The approval came after Prime Minister Petr Necas put down a rebellion in his party over the tax rises. Support for his government has shrunk to a minority in the 200-seat lower house, which leaves it in a weak position to face more votes over its fiscal plans.

The tax package, expected to bring 22 billion crowns ($1.11 billion) in new revenue, will allow the government to cut the total fiscal gap below the European Union-prescribed 3 percent of economic output next year.

Necas has been struggling to keep afloat his cabinet, unpopular due to two years of austerity and a series of corruption scandals.

His three-party coalition holds only 99 seats after defections this year and needed independent votes to pass the tax package on Wednesday, which it won with a 101-93 vote.

The next test is whether the cabinet can win the 101 votes needed in the chamber to override a veto from the opposition-controlled Senate of its flagship bill to return billions of dollars worth of confiscated church property, and to defeat a presidential veto of a pension reform implementation bill.

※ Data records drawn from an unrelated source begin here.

lemma Rw1_eq:
  assumes "g \<in> labelings n1 n2" and "\<forall>e\<in>E. e \<subseteq> {1..n1+n2} \<and> card e = 2"
  shows "Rw E w 1 g = (\<Sum>e\<in>E. w e) - Dw E w g + Rw E w 0 g"
proof -
  have "Rw E w 1 g = (\<Sum>e\<in>E. w e - w e * (\<Sum>i\<in>e. ind0 i g) + w e * of_bool (\<forall>i\<in>e. g i = 0))"
    unfolding Rw_def
  proof (intro sum.cong refl)
    fix e assume "e \<in> E"
    then have "card e = 2" "e \<subseteq> {1..n1+n2}"
      using assms(2) by auto
    then obtain i j where e: "e = {i, j}" "i \<noteq> j" "i \<in> {1..n1+n2}" "j \<in> {1..n1+n2}"
      unfolding card_2_iff by auto
    then have "g i = 0 \<or> g i = 1" "g j = 0 \<or> g j = 1"
      using labelings_range[OF assms(1)] by auto
    then show "w e * of_bool (\<forall>i\<in>e. g i = 1)
        = w e - w e * (\<Sum>i\<in>e. ind0 i g) + w e * of_bool (\<forall>i\<in>e. g i = 0)"
      using e by (auto simp: ind0_def)
  qed
  then show ?thesis
    by (simp add: Rw_def Dw_def sum.distrib sum_subtractf)
qed

lemma Cov_Dw_right: "Cov L f (Dw E w) = (\<Sum>e\<in>E. w e * Cov L f (\<lambda>g. \<Sum>i\<in>e. ind0 i g))"
  by (simp only: Dw_def[abs_def] Cov_sum_right Cov_scale_right)

lemma Cov_Dw_Rw0:
  assumes "n1 + n2 \<ge> 3" and edges: "\<forall>e\<in>E. e \<subseteq> {1..n1+n2} \<and> card e = 2"
  defines "p \<equiv> (real n1 - 1) / (real (n1+n2) - 2)"
  shows "Cov (labelings n1 n2) (Dw E w) (Rw E w 0) = p * Var (labelings n1 n2) (Dw E w)"
proof -
  let ?L = "labelings n1 n2"
  have edge: "Cov ?L (Dw E w) (\<lambda>g. \<Prod>i\<in>e. ind0 i g) = p * Cov ?L (Dw E w) (\<lambda>g. \<Sum>i\<in>e. ind0 i g)"
    if "e \<in> E" for e
  proof -
    have "Cov ?L (ind0 k) (\<lambda>g. \<Prod>i\<in>e. ind0 i g) = p * Cov ?L (ind0 k) (\<lambda>g. \<Sum>i\<in>e. ind0 i g)"
      if "k \<in> e'" "e' \<in> E" for k e'
    proof -
      have "e' \<subseteq> {1..n1+n2}" "e \<subseteq> {1..n1+n2}" "card e = 2"
        using edges that(2) \<open>e \<in> E\<close> by auto
      then show ?thesis
        using that(1) unfolding p_def by (intro Cov_ind0_edge assms(1)) auto
    qed
    then show ?thesis
      unfolding Dw_def by (simp add: Cov_sum_left Cov_scale_left sum_distrib_left mult_ac)
  qed
  have "Cov ?L (Dw E w) (Rw E w 0) = (\<Sum>e\<in>E. w e * Cov ?L (Dw E w) (\<lambda>g. \<Prod>i\<in>e. ind0 i g))"
  proof -
    have "\<forall>e\<in>E. finite e"
      using edges by (metis card.infinite zero_neq_numeral)
    then show ?thesis
      by (simp add: Rw0_eq_sum_prod_ind0 Cov_sum_right Cov_scale_right)
  qed
  also have "\<dots> = p * (\<Sum>e\<in>E. w e * Cov ?L (Dw E w) (\<lambda>g. \<Sum>i\<in>e. ind0 i g))"
    by (simp add: edge sum_distrib_left mult_ac cong: sum.cong)
  also have "\<dots> = p * Var ?L (Dw E w)"
    by (simp add: Var_eq_Cov Cov_Dw_right[of ?L "Dw E w"])
  finally show ?thesis .
qed

lemma Cov_Rw_diff_Rw_weighted_eq_0:
  assumes "n1 + n2 \<ge> 3" and edges: "\<forall>e\<in>E. e \<subseteq> {1..n1+n2} \<and> card e = 2"
    and p: "p = (real n1 - 1) / (real (n1+n2) - 2)"
  shows "Cov (labelings n1 n2) (\<lambda>g. Rw E w 0 g - Rw E w 1 g)
           (\<lambda>g. (1 - p) * Rw E w 0 g + p * Rw E w 1 g) = 0"
proof -
  let ?L = "labelings n1 n2" and ?W = "\<Sum>e\<in>E. w e"
  have "Cov ?L (\<lambda>g. Rw E w 0 g - Rw E w 1 g) (\<lambda>g. (1 - p) * Rw E w 0 g + p * Rw E w 1 g)
      = Cov ?L (\<lambda>g. Dw E w g - ?W) (\<lambda>g. Rw E w 0 g - p * Dw E w g + p * ?W)"
  proof (rule Cov_cong)
    fix g assume "g \<in> ?L"
    note R1 = Rw1_eq[OF this edges]
    show "Rw E w 0 g - Rw E w 1 g = Dw E w g - ?W"
      unfolding R1 by simp
    show "(1 - p) * Rw E w 0 g + p * Rw E w 1 g = Rw E w 0 g - p * Dw E w g + p * ?W"
      unfolding R1 by (simp add: algebra_simps)
  qed
  also have "\<dots> = Cov ?L (Dw E w) (Rw E w 0) - p * Var ?L (Dw E w)"
    by (simp add: Cov_linear Var_eq_Cov)
  finally show ?thesis
    using Cov_Dw_Rw0[OF assms(1) edges] p by simp
qed

theorem theorem1:
  fixes n1 n2 N :: nat and E :: "nat set set" and w :: "nat set \<Rightarrow> real"
  assumes "n1 \<ge> 2" and "n2 \<ge> 2" and "N = n1 + n2" and "N \<ge> 4"
    and "E \<subseteq> {{i, j} | i j. i \<in> {1..N} \<and> j \<in> {1..N} \<and> i \<noteq> j}"
  defines "L \<equiv> labelings n1 n2"
    and "R1 \<equiv> Rw E w 0" and "R2 \<equiv> Rw E w 1"
  defines "Sig \<equiv> (vector [vector [Var L R1, Cov L R1 R2], vector [Cov L R2 R1, Var L R2]]
                    :: real^2^2)"
  assumes "invertible Sig"
  defines "SR \<equiv> (\<lambda>g. let d = (vector [R1 g - Ex L R1, R2 g - Ex L R2] :: real^2)
                       in d \<bullet> (matrix_inv Sig *v d))"
    and "p \<equiv> real (n1 - 1) / real (N - 2)"
  defines "q \<equiv> 1 - p"
  defines "Zdiff \<equiv> (\<lambda>g. ((R1 g - R2 g) - Ex L (\<lambda>h. R1 h - R2 h))
                         / sqrt (Var L (\<lambda>h. R1 h - R2 h)))"
    and "Zw \<equiv> (\<lambda>g. ((q * R1 g + p * R2 g) - Ex L (\<lambda>h. q * R1 h + p * R2 h))
                         / sqrt (Var L (\<lambda>h. q * R1 h + p * R2 h)))"
  shows "(\<forall>g\<in>L. SR g = (Zdiff g)^2 + (Zw g)^2) \<and> Cov L Zdiff Zw = 0"
proof -
  have edges: "\<forall>e\<in>E. e \<subseteq> {1..n1+n2} \<and> card e = 2"
    using assms(3,5) by auto
  have "p = (real n1 - 1) / (real (n1+n2) - 2)"
    using assms(1-3) by (simp add: p_def of_nat_diff)
  then have uncorrelated: "Cov L (\<lambda>g. R1 g - R2 g) (\<lambda>g. q * R1 g + p * R2 g) = 0"
    using Cov_Rw_diff_Rw_weighted_eq_0[OF _ edges] assms(1-3) by (simp add: L_def R1_def R2_def q_def)
  then have "Cov L Zdiff Zw = 0"
    by (simp add: Zdiff_def Zw_def Cov_standardise)
  moreover have "SR g = (Zdiff g)^2 + (Zw g)^2" for g
  proof -
    have Sig: "Sig = vector [vector [Var L R1, Cov L R1 R2], vector [Cov L R1 R2, Var L R2]]"
      by (simp add: Sig_def Cov_commute[of L R2 R1])
    have "q * Var L R1 + p * Cov L R1 R2 = q * Cov L R1 R2 + p * Var L R2"
      using uncorrelated by (simp add: Cov_linear Var_eq_Cov Cov_commute[of L R2 R1] algebra_simps)
    from quadratic_form_inverse_2x2_uncorrelated[OF \<open>invertible Sig\<close>[unfolded Sig]
        q_def[THEN meta_eq_to_obj_eq] this, where a="R1 g - Ex L R1" and b="R2 g - Ex L R2"]
    have "SR g = ((R1 g - Ex L R1) - (R2 g - Ex L R2))^2 / Var L (\<lambda>h. R1 h - R2 h)
               + (q * (R1 g - Ex L R1) + p * (R2 g - Ex L R2))^2 / Var L (\<lambda>h. q * R1 h + p * R2 h)"
      by (simp add: SR_def Sig Var_eq_Cov Cov_linear Cov_commute[of L R2 R1] power2_eq_square algebra_simps)
    also have "\<dots> = (Zdiff g)^2 + (Zw g)^2"
      by (simp add: Zdiff_def Zw_def power_divide Var_nonneg Ex_diff Ex_add Ex_scale algebra_simps)
    finally show ?thesis .
  qed
  ultimately show ?thesis
    by blast
qed

end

Necas reached a deal late on Tuesday that ended a small rebellion in his party by deputies that argued tax rises were wrong for the economy and went against party pledges to voters.

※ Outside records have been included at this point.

lemma smooth_projective_complete_fanD:
  fixes g :: "ray \<Rightarrow> int^'d"
  assumes "smooth_projective_complete_fan R K g"
  shows "finite R" "inj_on g R" "\<sigma> \<in> K \<Longrightarrow> \<sigma> \<subseteq> R"
    "\<sigma> \<in> K \<Longrightarrow> \<sigma>' \<subseteq> \<sigma> \<Longrightarrow> \<sigma>' \<in> K" "\<sigma> \<in> K \<Longrightarrow> unimodular g \<sigma>"
proof -
  have "finite R \<and> inj_on g R \<and> (\<forall>\<sigma>\<in>K. \<sigma> \<subseteq> R) \<and>
      (\<forall>\<sigma>\<in>K. \<forall>\<sigma>'. \<sigma>' \<subseteq> \<sigma> \<longrightarrow> \<sigma>' \<in> K) \<and> (\<forall>\<sigma>\<in>K. unimodular g \<sigma>)"
    using assms unfolding smooth_projective_complete_fan_def by (elim conjE) (intro conjI; assumption)
  then show "finite R" "inj_on g R" "\<sigma> \<in> K \<Longrightarrow> \<sigma> \<subseteq> R"
    "\<sigma> \<in> K \<Longrightarrow> \<sigma>' \<subseteq> \<sigma> \<Longrightarrow> \<sigma>' \<in> K" "\<sigma> \<in> K \<Longrightarrow> unimodular g \<sigma>"
    by blast+
qed

lemma fan_mem_iff_no_primitive_collection:
  fixes g :: "ray \<Rightarrow> int^'d"
  assumes fan: "smooth_projective_complete_fan R K g"
    and prim: "\<And>C. primitive_collection R K C \<longleftrightarrow> C \<in> P"
    and "S \<subseteq> R"
  shows "S \<in> K \<longleftrightarrow> (\<forall>C\<in>P. \<not> C \<subseteq> S)"
proof
  assume "S \<in> K"
  then have "C \<in> K" if "C \<subseteq> S" for C
    using smooth_projective_complete_fanD(4)[OF fan] that by blast
  then show "\<forall>C\<in>P. \<not> C \<subseteq> S"
    using prim unfolding primitive_collection_def by blast
next
  assume no_prim: "\<forall>C\<in>P. \<not> C \<subseteq> S"
  show "S \<in> K"
  proof (rule ccontr)
    assume "S \<notin> K"
    \<comment> \<open>A non-face of least cardinality inside S is a primitive collection.\<close>
    then obtain C where C: "C \<subseteq> S" "C \<notin> K"
      and least: "\<And>C'. C' \<subseteq> S \<Longrightarrow> C' \<notin> K \<Longrightarrow> card C \<le> card C'"
      using ex_has_least_nat[of "\<lambda>C. C \<subseteq> S \<and> C \<notin> K" S card] by blast
    have "finite C"
      using C(1) \<open>S \<subseteq> R\<close> smooth_projective_complete_fanD(1)[OF fan] by (meson finite_subset)
    then have "C - {x} \<in> K" if "x \<in> C" for x
      using least[of "C - {x}"] C(1) that card_Diff1_less by fastforce
    then have "C \<in> P"
      using prim C \<open>S \<subseteq> R\<close> unfolding primitive_collection_def by blast
    with no_prim C(1) show False by blast
  qed
qed

definition linear_relation :: "ray set \<Rightarrow> (ray \<Rightarrow> int^'d) \<Rightarrow> (ray \<Rightarrow> int) \<Rightarrow> bool" where
  "linear_relation R g a \<longleftrightarrow> (\<Sum>k\<in>R. a k *s g k) = 0"

lemma linear_relation_eval:
  assumes rel: "linear_relation R g a" and "finite R" "\<sigma> \<subseteq> R" "\<rho> \<in> \<sigma>"
    and "ipair m (g \<rho>) = 1" "\<forall>j\<in>\<sigma> - {\<rho>}. ipair m (g j) = 0"
  shows "a \<rho> + (\<Sum>k\<in>R - \<sigma>. a k * ipair m (g k)) = 0"
proof -
  have "finite \<sigma>" using assms finite_subset by blast
  have "0 = ipair m (\<Sum>k\<in>R. a k *s g k)"
    using rel unfolding linear_relation_def by (simp add: ipair_def)
  also have "\<dots> = (\<Sum>k\<in>R. a k * ipair m (g k))"
    by (simp add: ipair_sum ipair_smult)
  also have "\<dots> = (\<Sum>k\<in>\<sigma>. a k * ipair m (g k)) + (\<Sum>k\<in>R - \<sigma>. a k * ipair m (g k))"
    using assms(2,3) by (metis add.commute sum.subset_diff)
  also have "(\<Sum>k\<in>\<sigma>. a k * ipair m (g k)) = a \<rho>"
    using \<open>finite \<sigma>\<close> assms(4-6) by (simp add: sum.remove)
  finally show ?thesis by simp
qed

lemma dualm_eval:
  fixes g :: "ray \<Rightarrow> int^'d"
  assumes "unimodular g \<sigma>" "\<rho> \<in> \<sigma>"
  shows "ipair (dualm g \<sigma> \<rho>) (g \<rho>) = 1 \<and> (\<forall>j\<in>\<sigma> - {\<rho>}. ipair (dualm g \<sigma> \<rho>) (g j) = 0)"
proof -
  obtain m where "\<And>k j. k \<in> \<sigma> \<Longrightarrow> j \<in> \<sigma> \<Longrightarrow> ipair (m k) (g j) = (if j = k then 1 else 0)"
    using unimodular_dual_basis[OF assms(1)] by metis
  then have "\<exists>m. ipair m (g \<rho>) = 1 \<and> (\<forall>j\<in>\<sigma> - {\<rho>}. ipair m (g j) = 0)"
    using assms(2) by (intro exI[of _ "m \<rho>"]) auto
  then show ?thesis unfolding dualm_def by (rule someI_ex)
qed

lemma linear_relation_eval_dualm:
  assumes fan: "smooth_projective_complete_fan R K g"
    and "linear_relation R g a" "\<sigma> \<in> K" "\<rho> \<in> \<sigma>"
  shows "a \<rho> + (\<Sum>k\<in>R - \<sigma>. a k * ipair (dualm g \<sigma> \<rho>) (g k)) = 0"
  using linear_relation_eval[OF assms(2) smooth_projective_complete_fanD(1)[OF fan]
      smooth_projective_complete_fanD(3)[OF fan assms(3)] assms(4)]
    dualm_eval[OF smooth_projective_complete_fanD(5)[OF fan assms(3)] assms(4)] by simp

lemma curve_deg_eq_wall_relation:
  assumes fan: "smooth_projective_complete_fan R K g"
    and "\<gamma> \<in> K" "\<rho> \<in> \<gamma>" "linear_relation R g a"
    and wall: "\<forall>k\<in>R - \<gamma>. a k = (if insert k \<gamma> \<in> K then 1 else 0)"
  shows "curve_deg R K g \<gamma> \<rho> = a \<rho>"
proof -
  have "curve_deg R K g \<gamma> \<rho> = - (\<Sum>k\<in>R - \<gamma>. a k * ipair (dualm g \<gamma> \<rho>) (g k))"
    unfolding curve_deg_def sum_negf[symmetric]
    by (rule sum.cong) (use \<open>\<rho> \<in> \<gamma>\<close> wall in \<open>auto simp: restr_def\<close>)
  then show ?thesis using linear_relation_eval_dualm[OF assms(1,4,2,3)] by simp
qed

lemma surf_int_self_two_wall_pairs:
  fixes g :: "ray \<Rightarrow> int^'d"
  assumes fan: "smooth_projective_complete_fan R K g" and "\<tau> \<in> K"
    and star: "{k \<in> R - \<tau>. insert k \<tau> \<in> K} = A \<union> B" and "A \<inter> B = {}"
    and rel_a: "linear_relation R g a" and a_out: "\<forall>k\<in>R - \<tau>. a k = (if k \<in> A then 1 else 0)"
    and rel_b: "linear_relation R g b" and b_out: "\<forall>k\<in>R - \<tau>. b k = (if k \<in> B then 1 else 0)"
    and curve_A: "\<And>k \<rho>. k \<in> A \<Longrightarrow> \<rho> \<in> insert k \<tau> \<Longrightarrow> curve_deg R K g (insert k \<tau>) \<rho> = b \<rho>"
    and curve_B: "\<And>k \<rho>. k \<in> B \<Longrightarrow> \<rho> \<in> insert k \<tau> \<Longrightarrow> curve_deg R K g (insert k \<tau>) \<rho> = a \<rho>"
    and "\<rho> \<in> R"
  shows "surf_int R K g \<tau> \<rho> \<rho> = 2 * a \<rho> * b \<rho>"
proof -
  define F where "F k = (if insert k \<tau> \<in> K then curve_deg R K g (insert k \<tau>) \<rho> else 0)" for k
  have F: "F k = a k * b \<rho> + b k * a \<rho>" if "k \<in> R - \<tau>" "\<rho> \<in> insert k \<tau>" for k
  proof -
    have "insert k \<tau> \<in> K \<longleftrightarrow> k \<in> A \<or> k \<in> B" using star that(1) by blast
    moreover have "a k = (if k \<in> A then 1 else 0)" "b k = (if k \<in> B then 1 else 0)"
      using a_out b_out that(1) by auto
    ultimately show ?thesis
      using \<open>A \<inter> B = {}\<close> curve_A[OF _ that(2)] curve_B[OF _ that(2)] unfolding F_def by auto
  qed
  show ?thesis
  proof (cases "\<rho> \<in> \<tau>")
    case True
    let ?x = "\<lambda>k. ipair (dualm g \<tau> \<rho>) (g k)"
    have "surf_int R K g \<tau> \<rho> \<rho> = (\<Sum>k\<in>R - \<tau>. - ?x k * (a k * b \<rho> + b k * a \<rho>))"
      unfolding surf_int_def F_def[symmetric] by (rule sum.cong) (use True F in \<open>auto simp: restr_def\<close>)
    also have "\<dots> = - b \<rho> * (\<Sum>k\<in>R - \<tau>. a k * ?x k) - a \<rho> * (\<Sum>k\<in>R - \<tau>. b k * ?x k)"
      unfolding sum_distrib_left sum_subtractf[symmetric] by (rule sum.cong) (simp_all add: algebra_simps)
    also have "\<dots> = 2 * a \<rho> * b \<rho>"
      using linear_relation_eval_dualm[OF fan rel_a \<open>\<tau> \<in> K\<close> True]
        linear_relation_eval_dualm[OF fan rel_b \<open>\<tau> \<in> K\<close> True] by algebra
    finally show ?thesis .
  next
    case False
    have "finite R" by (rule smooth_projective_complete_fanD(1)[OF fan])
    have "surf_int R K g \<tau> \<rho> \<rho> = (\<Sum>k\<in>R - \<tau>. if k = \<rho> then F k else 0)"
      unfolding surf_int_def F_def[symmetric] by (rule sum.cong) (use False in \<open>auto simp: restr_def\<close>)
    also have "\<dots> = F \<rho>" using False \<open>\<rho> \<in> R\<close> \<open>finite R\<close> by simp
    also have "\<dots> = 2 * a \<rho> * b \<rho>" using False \<open>\<rho> \<in> R\<close> F by simp
    finally show ?thesis .
  qed
qed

The government's two-year austerity drive has brought debt costs to an all-time low but has also depressed domestic demand in an economy that has been in recession since late 2011, the worst performance in central Europe.

The tax package includes a 1 percentage point increase in the country's two value added tax rates, to 15 percent and 21 percent. It also introduces an extra 7 percent tax for people earning more than 4,000 euros a month.